Once you find the line containing "using assms unfolding" in the data below, copy it and each following line exactly, up to and including the line containing "from assms(6) have", and nothing else.

++++

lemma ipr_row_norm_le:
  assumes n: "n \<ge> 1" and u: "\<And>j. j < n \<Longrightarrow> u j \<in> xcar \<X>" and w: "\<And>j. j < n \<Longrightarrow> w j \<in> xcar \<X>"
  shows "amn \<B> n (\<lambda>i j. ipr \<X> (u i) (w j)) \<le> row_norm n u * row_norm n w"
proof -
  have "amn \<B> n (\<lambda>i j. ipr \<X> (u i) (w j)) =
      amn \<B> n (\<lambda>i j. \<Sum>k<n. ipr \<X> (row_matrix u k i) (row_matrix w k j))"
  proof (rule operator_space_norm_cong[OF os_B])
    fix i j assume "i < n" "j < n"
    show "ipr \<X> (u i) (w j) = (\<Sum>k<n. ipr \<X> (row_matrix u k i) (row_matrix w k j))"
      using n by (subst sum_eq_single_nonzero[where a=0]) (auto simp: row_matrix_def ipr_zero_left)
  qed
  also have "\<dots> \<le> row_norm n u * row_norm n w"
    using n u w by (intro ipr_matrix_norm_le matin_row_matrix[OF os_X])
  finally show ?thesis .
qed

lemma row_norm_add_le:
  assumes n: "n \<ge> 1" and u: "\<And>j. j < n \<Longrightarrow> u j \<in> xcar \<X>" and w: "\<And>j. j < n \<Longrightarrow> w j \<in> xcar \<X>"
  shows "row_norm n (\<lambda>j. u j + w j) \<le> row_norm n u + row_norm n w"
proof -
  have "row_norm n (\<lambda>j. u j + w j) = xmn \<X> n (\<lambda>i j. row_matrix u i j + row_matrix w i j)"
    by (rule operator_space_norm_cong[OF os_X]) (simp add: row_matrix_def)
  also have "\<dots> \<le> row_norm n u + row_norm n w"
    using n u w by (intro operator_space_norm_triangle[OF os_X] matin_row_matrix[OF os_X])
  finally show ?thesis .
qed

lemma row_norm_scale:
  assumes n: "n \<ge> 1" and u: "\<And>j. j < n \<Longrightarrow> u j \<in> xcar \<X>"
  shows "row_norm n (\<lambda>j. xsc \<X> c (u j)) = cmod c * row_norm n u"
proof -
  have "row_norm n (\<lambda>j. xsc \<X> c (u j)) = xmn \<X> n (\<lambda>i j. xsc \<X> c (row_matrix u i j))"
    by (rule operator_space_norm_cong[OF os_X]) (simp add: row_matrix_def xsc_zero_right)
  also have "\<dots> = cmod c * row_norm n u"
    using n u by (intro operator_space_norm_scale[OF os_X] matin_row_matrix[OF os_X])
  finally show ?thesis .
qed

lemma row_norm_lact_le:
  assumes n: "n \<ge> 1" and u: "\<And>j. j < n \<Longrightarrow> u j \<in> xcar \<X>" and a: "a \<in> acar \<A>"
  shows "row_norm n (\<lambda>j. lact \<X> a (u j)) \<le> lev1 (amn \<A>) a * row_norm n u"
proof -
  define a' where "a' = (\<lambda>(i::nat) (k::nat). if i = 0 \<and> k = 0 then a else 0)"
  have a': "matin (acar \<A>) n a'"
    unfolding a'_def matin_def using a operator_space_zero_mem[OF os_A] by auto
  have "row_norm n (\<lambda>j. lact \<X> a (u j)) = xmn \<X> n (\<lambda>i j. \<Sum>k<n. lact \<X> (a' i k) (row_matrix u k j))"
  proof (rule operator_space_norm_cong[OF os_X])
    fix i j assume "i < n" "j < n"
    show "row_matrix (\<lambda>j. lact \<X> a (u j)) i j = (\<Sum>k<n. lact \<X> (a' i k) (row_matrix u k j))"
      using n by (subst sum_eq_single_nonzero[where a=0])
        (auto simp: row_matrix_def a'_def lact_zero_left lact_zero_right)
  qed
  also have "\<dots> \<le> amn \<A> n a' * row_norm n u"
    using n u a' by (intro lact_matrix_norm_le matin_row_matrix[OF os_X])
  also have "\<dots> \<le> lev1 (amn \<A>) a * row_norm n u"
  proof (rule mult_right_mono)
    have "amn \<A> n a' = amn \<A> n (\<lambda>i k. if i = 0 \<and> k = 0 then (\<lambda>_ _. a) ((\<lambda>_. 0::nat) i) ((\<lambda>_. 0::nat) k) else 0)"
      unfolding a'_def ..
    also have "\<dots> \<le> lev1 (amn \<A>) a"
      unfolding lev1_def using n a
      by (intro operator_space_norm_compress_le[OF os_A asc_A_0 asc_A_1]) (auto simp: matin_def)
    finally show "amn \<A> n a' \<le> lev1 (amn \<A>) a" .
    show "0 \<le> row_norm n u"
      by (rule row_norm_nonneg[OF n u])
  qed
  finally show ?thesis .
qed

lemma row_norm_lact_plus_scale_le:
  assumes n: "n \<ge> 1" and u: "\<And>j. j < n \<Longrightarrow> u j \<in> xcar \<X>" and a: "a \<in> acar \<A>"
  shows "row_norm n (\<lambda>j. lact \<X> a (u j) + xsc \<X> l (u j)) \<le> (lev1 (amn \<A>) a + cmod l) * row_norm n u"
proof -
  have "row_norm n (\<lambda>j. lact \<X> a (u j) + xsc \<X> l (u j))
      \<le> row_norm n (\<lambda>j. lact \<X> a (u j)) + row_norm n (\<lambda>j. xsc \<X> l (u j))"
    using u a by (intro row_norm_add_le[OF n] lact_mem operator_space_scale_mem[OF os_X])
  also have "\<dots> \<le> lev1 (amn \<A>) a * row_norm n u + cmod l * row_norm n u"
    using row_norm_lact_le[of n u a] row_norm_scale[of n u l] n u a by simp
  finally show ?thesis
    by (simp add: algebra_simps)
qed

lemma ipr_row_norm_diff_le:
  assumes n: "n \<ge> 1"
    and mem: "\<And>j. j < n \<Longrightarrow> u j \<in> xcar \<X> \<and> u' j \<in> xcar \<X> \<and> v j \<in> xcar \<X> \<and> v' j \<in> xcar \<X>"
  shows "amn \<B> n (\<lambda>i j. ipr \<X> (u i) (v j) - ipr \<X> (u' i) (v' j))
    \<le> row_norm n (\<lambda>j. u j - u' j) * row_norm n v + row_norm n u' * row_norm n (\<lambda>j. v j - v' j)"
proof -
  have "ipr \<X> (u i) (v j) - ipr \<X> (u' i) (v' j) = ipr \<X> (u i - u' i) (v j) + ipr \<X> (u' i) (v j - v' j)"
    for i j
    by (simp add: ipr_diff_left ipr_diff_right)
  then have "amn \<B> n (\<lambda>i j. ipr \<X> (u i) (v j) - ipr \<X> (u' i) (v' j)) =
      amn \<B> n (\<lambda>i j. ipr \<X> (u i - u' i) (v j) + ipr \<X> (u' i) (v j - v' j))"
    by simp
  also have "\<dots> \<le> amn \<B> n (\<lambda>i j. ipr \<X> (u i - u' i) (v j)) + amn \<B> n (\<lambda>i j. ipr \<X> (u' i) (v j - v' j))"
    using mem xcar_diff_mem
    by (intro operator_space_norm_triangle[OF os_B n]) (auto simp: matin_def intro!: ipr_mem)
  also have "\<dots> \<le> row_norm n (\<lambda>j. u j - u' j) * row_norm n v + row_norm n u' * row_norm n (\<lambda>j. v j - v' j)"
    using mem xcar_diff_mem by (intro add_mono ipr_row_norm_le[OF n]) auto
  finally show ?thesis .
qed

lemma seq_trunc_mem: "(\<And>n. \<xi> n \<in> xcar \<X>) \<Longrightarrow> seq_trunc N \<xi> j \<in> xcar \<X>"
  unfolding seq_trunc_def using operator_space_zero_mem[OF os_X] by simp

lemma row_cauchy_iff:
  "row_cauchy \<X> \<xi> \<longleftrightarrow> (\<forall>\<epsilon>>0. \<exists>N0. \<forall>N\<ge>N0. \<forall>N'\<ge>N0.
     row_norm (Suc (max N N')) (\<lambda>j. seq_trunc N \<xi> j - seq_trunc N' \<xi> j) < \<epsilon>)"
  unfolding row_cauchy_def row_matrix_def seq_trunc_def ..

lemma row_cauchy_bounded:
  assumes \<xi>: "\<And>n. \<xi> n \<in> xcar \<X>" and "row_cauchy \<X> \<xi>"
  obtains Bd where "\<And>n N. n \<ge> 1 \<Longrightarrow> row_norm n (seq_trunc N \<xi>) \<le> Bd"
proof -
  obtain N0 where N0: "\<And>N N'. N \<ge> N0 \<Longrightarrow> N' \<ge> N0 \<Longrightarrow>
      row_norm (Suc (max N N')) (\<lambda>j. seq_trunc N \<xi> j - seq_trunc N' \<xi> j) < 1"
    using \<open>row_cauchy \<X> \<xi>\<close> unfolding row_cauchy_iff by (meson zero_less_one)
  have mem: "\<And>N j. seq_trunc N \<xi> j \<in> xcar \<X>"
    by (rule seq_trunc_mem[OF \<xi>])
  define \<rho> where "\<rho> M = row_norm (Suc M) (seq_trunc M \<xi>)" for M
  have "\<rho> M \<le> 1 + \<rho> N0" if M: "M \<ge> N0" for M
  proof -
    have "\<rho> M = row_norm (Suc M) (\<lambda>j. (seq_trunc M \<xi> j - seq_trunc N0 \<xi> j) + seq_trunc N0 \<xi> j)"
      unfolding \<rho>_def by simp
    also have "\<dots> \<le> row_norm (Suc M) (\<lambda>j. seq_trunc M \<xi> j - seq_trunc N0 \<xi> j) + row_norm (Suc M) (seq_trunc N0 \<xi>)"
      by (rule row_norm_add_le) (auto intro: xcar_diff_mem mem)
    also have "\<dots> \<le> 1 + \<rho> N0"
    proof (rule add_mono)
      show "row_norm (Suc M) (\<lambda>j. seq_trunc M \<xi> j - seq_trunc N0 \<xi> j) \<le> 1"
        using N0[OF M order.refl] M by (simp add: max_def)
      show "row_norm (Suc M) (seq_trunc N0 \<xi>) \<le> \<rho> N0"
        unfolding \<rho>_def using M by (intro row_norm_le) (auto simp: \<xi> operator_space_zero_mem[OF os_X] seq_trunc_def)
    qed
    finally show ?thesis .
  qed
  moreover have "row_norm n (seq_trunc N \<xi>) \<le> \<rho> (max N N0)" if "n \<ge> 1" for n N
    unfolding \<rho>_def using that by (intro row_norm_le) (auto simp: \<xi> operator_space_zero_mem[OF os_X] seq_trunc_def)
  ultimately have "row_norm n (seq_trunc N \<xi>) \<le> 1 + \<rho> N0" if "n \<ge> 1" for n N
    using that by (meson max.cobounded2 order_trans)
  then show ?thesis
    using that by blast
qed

++++

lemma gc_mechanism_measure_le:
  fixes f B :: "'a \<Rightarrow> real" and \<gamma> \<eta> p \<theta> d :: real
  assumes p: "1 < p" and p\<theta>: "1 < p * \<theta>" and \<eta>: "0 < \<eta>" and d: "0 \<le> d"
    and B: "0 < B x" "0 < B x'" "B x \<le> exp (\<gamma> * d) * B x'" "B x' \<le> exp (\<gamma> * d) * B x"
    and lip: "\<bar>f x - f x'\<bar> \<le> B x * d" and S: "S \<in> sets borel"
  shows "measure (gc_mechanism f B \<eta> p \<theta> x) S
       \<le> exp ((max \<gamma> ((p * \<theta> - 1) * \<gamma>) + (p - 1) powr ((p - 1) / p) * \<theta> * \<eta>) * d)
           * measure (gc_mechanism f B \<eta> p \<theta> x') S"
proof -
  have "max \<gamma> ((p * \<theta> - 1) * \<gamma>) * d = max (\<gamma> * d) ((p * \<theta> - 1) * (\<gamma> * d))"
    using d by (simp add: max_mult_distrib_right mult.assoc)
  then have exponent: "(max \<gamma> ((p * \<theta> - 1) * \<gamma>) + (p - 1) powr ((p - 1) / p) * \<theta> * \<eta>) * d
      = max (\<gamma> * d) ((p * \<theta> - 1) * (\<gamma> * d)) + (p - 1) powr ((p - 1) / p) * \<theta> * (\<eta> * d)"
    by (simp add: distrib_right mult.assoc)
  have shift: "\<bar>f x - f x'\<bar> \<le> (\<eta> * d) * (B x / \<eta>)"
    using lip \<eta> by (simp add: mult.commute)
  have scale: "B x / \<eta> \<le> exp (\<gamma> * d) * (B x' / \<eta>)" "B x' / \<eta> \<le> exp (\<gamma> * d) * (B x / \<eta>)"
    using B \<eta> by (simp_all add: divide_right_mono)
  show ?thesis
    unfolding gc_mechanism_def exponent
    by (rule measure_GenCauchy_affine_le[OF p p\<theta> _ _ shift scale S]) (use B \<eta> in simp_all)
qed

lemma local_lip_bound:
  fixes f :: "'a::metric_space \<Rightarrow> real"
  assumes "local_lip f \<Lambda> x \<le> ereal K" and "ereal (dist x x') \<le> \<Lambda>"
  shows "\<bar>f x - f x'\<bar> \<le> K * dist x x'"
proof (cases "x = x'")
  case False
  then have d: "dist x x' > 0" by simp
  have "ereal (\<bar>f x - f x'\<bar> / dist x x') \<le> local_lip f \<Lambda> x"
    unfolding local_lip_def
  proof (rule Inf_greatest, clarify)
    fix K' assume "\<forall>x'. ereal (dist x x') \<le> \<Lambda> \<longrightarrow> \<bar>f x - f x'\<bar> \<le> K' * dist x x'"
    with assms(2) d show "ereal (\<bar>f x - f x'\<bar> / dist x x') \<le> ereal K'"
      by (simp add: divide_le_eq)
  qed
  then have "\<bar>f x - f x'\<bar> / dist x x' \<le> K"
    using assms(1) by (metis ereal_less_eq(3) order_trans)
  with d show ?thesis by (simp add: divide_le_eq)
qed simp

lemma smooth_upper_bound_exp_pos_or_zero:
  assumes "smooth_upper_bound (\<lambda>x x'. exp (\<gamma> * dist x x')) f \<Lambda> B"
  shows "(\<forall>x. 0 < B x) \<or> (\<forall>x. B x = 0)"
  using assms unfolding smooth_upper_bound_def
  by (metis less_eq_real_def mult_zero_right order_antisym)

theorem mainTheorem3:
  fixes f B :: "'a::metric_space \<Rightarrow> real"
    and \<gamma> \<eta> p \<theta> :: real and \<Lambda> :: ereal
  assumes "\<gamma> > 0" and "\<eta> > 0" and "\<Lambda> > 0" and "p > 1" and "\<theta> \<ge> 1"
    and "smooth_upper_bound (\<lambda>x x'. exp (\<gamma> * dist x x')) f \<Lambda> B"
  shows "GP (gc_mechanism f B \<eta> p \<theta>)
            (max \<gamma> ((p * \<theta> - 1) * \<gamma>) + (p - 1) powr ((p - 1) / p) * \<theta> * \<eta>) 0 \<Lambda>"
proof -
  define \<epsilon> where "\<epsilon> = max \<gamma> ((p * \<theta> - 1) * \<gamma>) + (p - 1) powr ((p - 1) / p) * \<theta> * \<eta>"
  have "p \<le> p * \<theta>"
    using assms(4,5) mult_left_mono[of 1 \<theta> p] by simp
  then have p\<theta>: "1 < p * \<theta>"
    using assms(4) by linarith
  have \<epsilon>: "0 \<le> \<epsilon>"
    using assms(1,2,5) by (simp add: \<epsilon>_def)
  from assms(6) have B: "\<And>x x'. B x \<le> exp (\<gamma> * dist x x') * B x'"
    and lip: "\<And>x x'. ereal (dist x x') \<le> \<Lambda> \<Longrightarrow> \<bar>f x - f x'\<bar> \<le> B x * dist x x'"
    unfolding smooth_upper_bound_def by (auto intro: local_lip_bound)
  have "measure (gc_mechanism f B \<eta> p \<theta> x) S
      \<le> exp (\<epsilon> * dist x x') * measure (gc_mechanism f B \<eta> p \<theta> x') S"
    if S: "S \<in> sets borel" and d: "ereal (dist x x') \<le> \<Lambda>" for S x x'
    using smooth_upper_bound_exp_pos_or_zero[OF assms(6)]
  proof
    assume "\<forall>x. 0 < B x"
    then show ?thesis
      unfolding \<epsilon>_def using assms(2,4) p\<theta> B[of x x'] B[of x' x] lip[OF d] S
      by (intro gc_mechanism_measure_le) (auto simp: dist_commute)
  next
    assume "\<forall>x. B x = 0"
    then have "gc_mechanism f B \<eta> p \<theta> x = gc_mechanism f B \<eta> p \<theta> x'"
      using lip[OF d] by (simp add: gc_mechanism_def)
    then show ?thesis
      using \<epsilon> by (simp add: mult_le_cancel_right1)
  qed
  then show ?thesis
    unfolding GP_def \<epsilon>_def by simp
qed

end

++++

▶ RESULT FOR THIS EXERCISE
  using assms unfolding smooth_upper_bound_def
  by (metis less_eq_real_def mult_zero_right order_antisym)

theorem mainTheorem3:
  fixes f B :: "'a::metric_space \<Rightarrow> real"
    and \<gamma> \<eta> p \<theta> :: real and \<Lambda> :: ereal
  assumes "\<gamma> > 0" and "\<eta> > 0" and "\<Lambda> > 0" and "p > 1" and "\<theta> \<ge> 1"
    and "smooth_upper_bound (\<lambda>x x'. exp (\<gamma> * dist x x')) f \<Lambda> B"
  shows "GP (gc_mechanism f B \<eta> p \<theta>)
            (max \<gamma> ((p * \<theta> - 1) * \<gamma>) + (p - 1) powr ((p - 1) / p) * \<theta> * \<eta>) 0 \<Lambda>"
proof -
  define \<epsilon> where "\<epsilon> = max \<gamma> ((p * \<theta> - 1) * \<gamma>) + (p - 1) powr ((p - 1) / p) * \<theta> * \<eta>"
  have "p \<le> p * \<theta>"
    using assms(4,5) mult_left_mono[of 1 \<theta> p] by simp
  then have p\<theta>: "1 < p * \<theta>"
    using assms(4) by linarith
  have \<epsilon>: "0 \<le> \<epsilon>"
    using assms(1,2,5) by (simp add: \<epsilon>_def)
  from assms(6) have B: "\<And>x x'. B x \<le> exp (\<gamma> * dist x x') * B x'"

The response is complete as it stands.